Dr. Mona also talked about her great uncle, Nuri Rafail Kutani, who inspired her devotion to social justice and to medicine. As she wrote in the September 2019 issue of The Volunteer, Kutani devoted his life to social justice. While studying at MIT in Cambridge, Massachusetts, in the early 1930s, he became radicalized. Soon after, he was expelled from the university and sent back to Iraq where he organized the Association Against Imperialism and Fascism. He was one of just two Iraqis to fight with the International Brigades in Spain. Nuri, Dr. Mona explained, was a looming figure in her family’s history—someone who devoted his life to justice and “even had a tattoo, which was actually a tattoo of the symbol of the International Brigades.” It was only while writing the book that Hanna-Attisha and her family were finally able to retrieve Kutani’s file from Spain, where it was catalogued under one of his aliases. For Dr. Mona, the Spanish Civil War offers enduring lessons about to fight for freedom and justice. Her great uncle’s example pushed Dr. Mona to medicine and inspired her response to the health crisis facing Flint’s children.
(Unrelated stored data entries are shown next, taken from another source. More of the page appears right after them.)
(* Fix a slot $n$ and state $(\mathbf x(n),\mathbf g(n))$ of the model in the context. Let $\pi$ choose the feasible withdrawal vector $\mathbf y(n)$, let $\mathbf I(f,t)$ be a balancing interchange with respect to $\mathbf y(n)$, and let $\pi^*$ choose $\mathbf y^*(n)=\mathbf y(n)+\mathbf I(f,t)$ at slot $n$. Order the updated lengths $\hat x_0(n),\dots,\hat x_L(n)$ under $\pi$ in non-increasing order with queue $0$ placed last; let $l$ be the position of queue $f$ and $s$ the position of queue $t$ in this order, ties being resolved so that every entry after position $l$ is strictly smaller than the entry at position $l$ and every entry before position $s$ is strictly larger than the entry at position $s$ (so $s>l$). Then $$\kappa_n(\pi^* )=\kappa_n(\pi)-2(s-l)\cdot\mathbb 1_{\{\hat x_{[l]}(n)\ge\hat x_{[s]}(n)+2\}},$$ where $\hat x_{[l]}(n)=\hat x_f(n)$ and $\hat x_{[s]}(n)=\hat x_t(n)$.
   Context: Model: slotted time; real queues $1,\dots,L$, dummy queue $0$, $K$ identical servers. State $(\mathbf x(n),\mathbf g(n))$: queue lengths $x_i(n)\in\mathbb Z_+$ ($x_0=0$) and connectivities $g_{i,j}(n)\in\{0,1\}$ ($g_{0,j}=1$). A scheduling control $\mathbf q\in\{0,\dots,L\}^K$ (server $j$ serves queue $q_j$, $0$ = idle) is feasible if $g_{q_j,j}=1$ for all $j$ and each real queue $i$ receives at most $x_i$ servers; its withdrawal vector is $y_i=\#\{j:q_j=i\}$. Feasible withdrawal vectors are those arising from feasible controls. Updated sizes $\hat x_i(n)=x_i(n)-y_i(n)$. Imbalance index of a policy choosing $\mathbf y(n)$: $\kappa_n=\sum_{i=1}^{L}\sum_{j=i+1}^{L+1}(\hat x_{[i]}(n)-\hat x_{[j]}(n))$ where $[1],\dots,[L]$ order the real queues by non-increasing $\hat x$ and $[L+1]=0$. Interchange: for $f,t\in\{0,\dots,L\}$, $f\ne t$, $\mathbf I(f,t)\in\mathbb Z^{L+1}$ has $+1$ in component $f$, $-1$ in component $t$, $0$ elsewhere. It is feasible (w.r.t. $\mathbf y(n)$) if $\mathbf y(n)+\mathbf I(f,t)$ is a feasible withdrawal vector, and balancing if it is feasible and $\hat x_f(n)\ge\hat x_t(n)+1$. *)

theory Defs
  imports Main
begin

(* Real queues 1..L, dummy queue 0, servers 1..K.
   x i : queue lengths (x 0 = 0), g i j : connectivity of queue i to server j. *)

definition feasible_control ::
  "nat \<Rightarrow> nat \<Rightarrow> (nat \<Rightarrow> nat) \<Rightarrow> (nat \<Rightarrow> nat \<Rightarrow> bool) \<Rightarrow> (nat \<Rightarrow> nat) \<Rightarrow> bool" where
  "feasible_control L K x g q \<longleftrightarrow>
     (\<forall>j\<in>{1..K}. q j \<le> L \<and> g (q j) j) \<and>
     (\<forall>i\<in>{1..L}. card {j\<in>{1..K}. q j = i} \<le> x i)"

definition withdrawal :: "nat \<Rightarrow> (nat \<Rightarrow> nat) \<Rightarrow> nat \<Rightarrow> int" where
  "withdrawal K q i = int (card {j\<in>{1..K}. q j = i})"

definition feasible_withdrawal ::
  "nat \<Rightarrow> nat \<Rightarrow> (nat \<Rightarrow> nat) \<Rightarrow> (nat \<Rightarrow> nat \<Rightarrow> bool) \<Rightarrow> (nat \<Rightarrow> int) \<Rightarrow> bool" where
  "feasible_withdrawal L K x g y \<longleftrightarrow>
     (\<exists>q. feasible_control L K x g q \<and> (\<forall>i\<le>L. y i = withdrawal K q i))"

definition xhat :: "(nat \<Rightarrow> nat) \<Rightarrow> (nat \<Rightarrow> int) \<Rightarrow> nat \<Rightarrow> int" where
  "xhat x y i = int (x i) - y i"

definition interchange :: "nat \<Rightarrow> nat \<Rightarrow> nat \<Rightarrow> int" where
  "interchange f t i = (if i = f then 1 else if i = t then -1 else 0)"

definition feasible_interchange ::
  "nat \<Rightarrow> nat \<Rightarrow> (nat \<Rightarrow> nat) \<Rightarrow> (nat \<Rightarrow> nat \<Rightarrow> bool) \<Rightarrow> (nat \<Rightarrow> int) \<Rightarrow> nat \<Rightarrow> nat \<Rightarrow> bool" where
  "feasible_interchange L K x g y f t \<longleftrightarrow>
     f \<le> L \<and> t \<le> L \<and> f \<noteq> t \<and>
     feasible_withdrawal L K x g (\<lambda>i. y i + interchange f t i)"

definition balancing_interchange ::
  "nat \<Rightarrow> nat \<Rightarrow> (nat \<Rightarrow> nat) \<Rightarrow> (nat \<Rightarrow> nat \<Rightarrow> bool) \<Rightarrow> (nat \<Rightarrow> int) \<Rightarrow> nat \<Rightarrow> nat \<Rightarrow> bool" where
  "balancing_interchange L K x g y f t \<longleftrightarrow>
     feasible_interchange L K x g y f t \<and> xhat x y f \<ge> xhat x y t + 1"

(* imbalance index: v lists \<hat>x_[1..L] (real queues, non-increasing) followed by \<hat>x_0;
   0-based positions 0..L correspond to [1]..[L+1]. *)
definition kappa :: "nat \<Rightarrow> (nat \<Rightarrow> int) \<Rightarrow> int" where
  "kappa L xh = (let v = rev (sort (map xh [1..<L+1])) @ [xh 0] in
     (\<Sum>i<L. \<Sum>j\<in>{i+1..L}. v ! i - v ! j))"

definition queue_order :: "nat \<Rightarrow> (nat \<Rightarrow> int) \<Rightarrow> (nat \<Rightarrow> nat) \<Rightarrow> bool" where
  "queue_order L xh \<sigma> \<longleftrightarrow>
     bij_betw \<sigma> {1..L+1} {0..L} \<and> \<sigma> (L+1) = 0 \<and>
     (\<forall>i j. 1 \<le> i \<and> i < j \<and> j \<le> L+1 \<longrightarrow> xh (\<sigma> j) \<le> xh (\<sigma> i))"

definition tie_positions ::
  "nat \<Rightarrow> (nat \<Rightarrow> int) \<Rightarrow> (nat \<Rightarrow> nat) \<Rightarrow> nat \<Rightarrow> nat \<Rightarrow> nat \<Rightarrow> nat \<Rightarrow> bool" where
  "tie_positions L xh \<sigma> f t l s \<longleftrightarrow>
     l \<in> {1..L+1} \<and> s \<in> {1..L+1} \<and> \<sigma> l = f \<and> \<sigma> s = t \<and>
     (\<forall>j. l < j \<and> j \<le> L+1 \<longrightarrow> xh (\<sigma> j) < xh (\<sigma> l)) \<and>
     (\<forall>j. 1 \<le> j \<and> j < s \<longrightarrow> xh (\<sigma> s) < xh (\<sigma> j))"

end

theory Submission
  imports Defs "HOL-Library.Multiset" "HOL-Library.Product_Lexorder"
begin

text \<open>Real queues have non-negative updated lengths and the dummy queue a non-positive one,
  so the dummy queue is shortest, the sorted list defining \<open>\<kappa>\<close> is non-increasing, and
  \<open>2\<kappa>\<close> is the sum of \<open>\<bar>x\<^sub>p - x\<^sub>q\<bar>\<close> over all ordered pairs of queues. Moving one unit from
  \<open>f\<close> to \<open>t\<close> affects only pairs involving \<open>f\<close> or \<open>t\<close>: the pair \<open>{f, t}\<close> loses 2 unless the
  two lengths are adjacent, and \<open>\<bar>x\<^sub>f - x\<^sub>q\<bar> + \<bar>x\<^sub>t - x\<^sub>q\<bar>\<close> loses 2 exactly when \<open>x\<^sub>q\<close> lies
  strictly between \<open>x\<^sub>t\<close> and \<open>x\<^sub>f\<close>. By the tie convention these queues \<open>q\<close> occupy exactly the
  positions strictly between \<open>l\<close> and \<open>s\<close>.\<close>

lemma sum_square_symmetric:
  fixes F :: "nat \<Rightarrow> nat \<Rightarrow> 'a::comm_semiring_1"
  assumes sym: "\<And>i j. F i j = F j i" and diag: "\<And>i. F i i = 0"
  shows "(\<Sum>i<n. \<Sum>j<n. F i j) = 2 * (\<Sum>i<n. \<Sum>j\<in>{i<..<n}. F i j)"
proof (induction n)
  case 0
  then show ?case by simp
next
  case (Suc n)
  have upper: "(\<Sum>i<Suc n. \<Sum>j\<in>{i<..<Suc n}. F i j)
      = (\<Sum>i<n. F i n) + (\<Sum>i<n. \<Sum>j\<in>{i<..<n}. F i j)"
  proof -
    have "\<And>i. i < n \<Longrightarrow> {i<..<Suc n} = insert n {i<..<n}" and "{n<..<Suc n} = {}"
      by auto
    then have "(\<Sum>i<n. \<Sum>j\<in>{i<..<Suc n}. F i j) = (\<Sum>i<n. F i n + (\<Sum>j\<in>{i<..<n}. F i j))"
      by (intro sum.cong) auto
    then show ?thesis by (simp add: sum.distrib \<open>{n<..<Suc n} = {}\<close>)
  qed
  have "(\<Sum>i<Suc n. \<Sum>j<Suc n. F i j)
      = (\<Sum>i<n. \<Sum>j<n. F i j) + (\<Sum>i<n. F i n) + (\<Sum>j<n. F n j)"
    by (simp add: sum.distrib diag add_ac)
  also have "(\<Sum>j<n. F n j) = (\<Sum>i<n. F i n)" by (simp add: sym)
  finally show ?case using Suc.IH upper by (simp add: algebra_simps mult_2)
qed

lemma sum_list_pairs_mset_eq:
  assumes "mset xs = mset ys"
  shows "(\<Sum>a\<leftarrow>xs. \<Sum>b\<leftarrow>xs. F a b) = (\<Sum>a\<leftarrow>ys. \<Sum>b\<leftarrow>ys. (F a b :: 'b::comm_monoid_add))"
proof -
  have perm: "sum_list (map k xs) = sum_list (map k ys)" for k :: "'a \<Rightarrow> 'b"
    by (metis assms mset_map sum_mset_sum_list)
  show ?thesis
    unfolding perm[of "\<lambda>a. \<Sum>b\<leftarrow>xs. F a b"] by (simp only: perm)
qed

lemma kappa_eq_half_sum_abs_pairs:
  fixes h :: "nat \<Rightarrow> int"
  assumes "\<forall>i\<in>{1..L}. h 0 \<le> h i"
  shows "2 * kappa L h = (\<Sum>p\<le>L. \<Sum>q\<le>L. \<bar>h p - h q\<bar>)"
proof -
  define v where "v = rev (sort (map h [1..<L+1])) @ [h 0]"
  have len: "length v = L + 1" by (simp add: v_def)
  have sorted: "sorted_wrt (\<ge>) v"
    using assms by (auto simp: v_def sorted_wrt_append sorted_wrt_rev)
  have "{..L} = set [0..<L+1]" by auto
  then have "(\<Sum>p\<le>L. \<Sum>q\<le>L. \<bar>h p - h q\<bar>) = (\<Sum>a\<leftarrow>map h [0..<L+1]. \<Sum>b\<leftarrow>map h [0..<L+1]. \<bar>a - b\<bar>)"
    by (simp only: sum_set_upt_conv_sum_list_nat map_map comp_def)
  also have "\<dots> = (\<Sum>a\<leftarrow>v. \<Sum>b\<leftarrow>v. \<bar>a - b\<bar>)"
    by (rule sum_list_pairs_mset_eq) (simp add: v_def upt_conv_Cons del: upt_Suc)
  also have "\<dots> = (\<Sum>i<L+1. \<Sum>j<L+1. \<bar>v ! i - v ! j\<bar>)"
    by (simp add: sum_list_sum_nth atLeast0LessThan len)
  also have "\<dots> = 2 * (\<Sum>i<L+1. \<Sum>j\<in>{i<..<L+1}. \<bar>v ! i - v ! j\<bar>)"
    by (rule sum_square_symmetric) (simp_all add: abs_minus_commute)
  also have "(\<Sum>i<L+1. \<Sum>j\<in>{i<..<L+1}. \<bar>v ! i - v ! j\<bar>) = (\<Sum>i<L. \<Sum>j\<in>{i+1..L}. v ! i - v ! j)"
  proof -
    have "{i<..<L+1} = {i+1..L}" for i by auto
    moreover have "\<bar>v ! i - v ! j\<bar> = v ! i - v ! j" if "i < j" "j \<le> L" for i j
      using sorted len that by (auto simp: sorted_wrt_iff_nth_less)
    ultimately show ?thesis by (simp add: lessThan_Suc)
  qed
  finally show ?thesis by (simp add: kappa_def v_def Let_def)
qed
She also discussed how her family background as reluctant immigrants from Iraq informed her idea of inclusion, which is especially pertinent in today’s political climate. As a child, her parents remained in close contact with friends and family in Iraq but felt that they could not return home under the repressive regime of Saddam Hussein in the late 1970s, which had created a republic of fear and poisoned its own children. Her father showed her a picture of the chemical gas attack against Kurds in northern Iraq of a child killed by Saddam Hussein’s attack. “We were raised as immigrants; we were lucky to be in this country, but we cannot close our eyes to injustice and we had to continue to raise our voices when we could against injustices that were happening.” Dr. Mona told the audience that she had taken an oath to stand up for children but that hers “was also a value system rooted in a long-standing family history of fighting for social justice.”

Aaron Retish and Dr. Mona at Wayne State.

“How did you stay positive and not give up when you were attacked by city and state officials?” a member of the audience asked. Dr. Mona replied that she did doubt herself, but that she also felt a larger responsibility to the kids of Flint. “It was a choiceless choice,” she said. Once she learned that there was lead in the water, as a pediatrician she felt a responsibility to act. Audience members also asked about what has happened after she exposed the dangerous lead levels. Since 2015, there has been greater attention and more resources devoted to Flint. It will soon join only two other cities in an effort to replace all lead pipes. In addition, Dr. Mona is part of an important initiative to promote healthy nutrition among the children of Flint. There are no grocery stores in Flint and Dr. Mona is leading a program to persuade residents to buy produce at its farmer’s market. She is also bringing more books to Flint’s children. Still, troubles remain. Residents are still on a water advisory warning, meaning that they should still drink bottled water. Meanwhile, city and state officials who knew about the lead levels and did nothing have not been prosecuted. Environmental racism remains strong as well.

Long lines of adoring students and community members waited to talk to Dr. Mona after the event. They spoke about how much Dr. Mona inspired them and how the community continues to seethe over the injustice of the Flint water crisis.

Aaron Retish, a member of ALBA’s Executive Committee, teaches history at Wayne State University.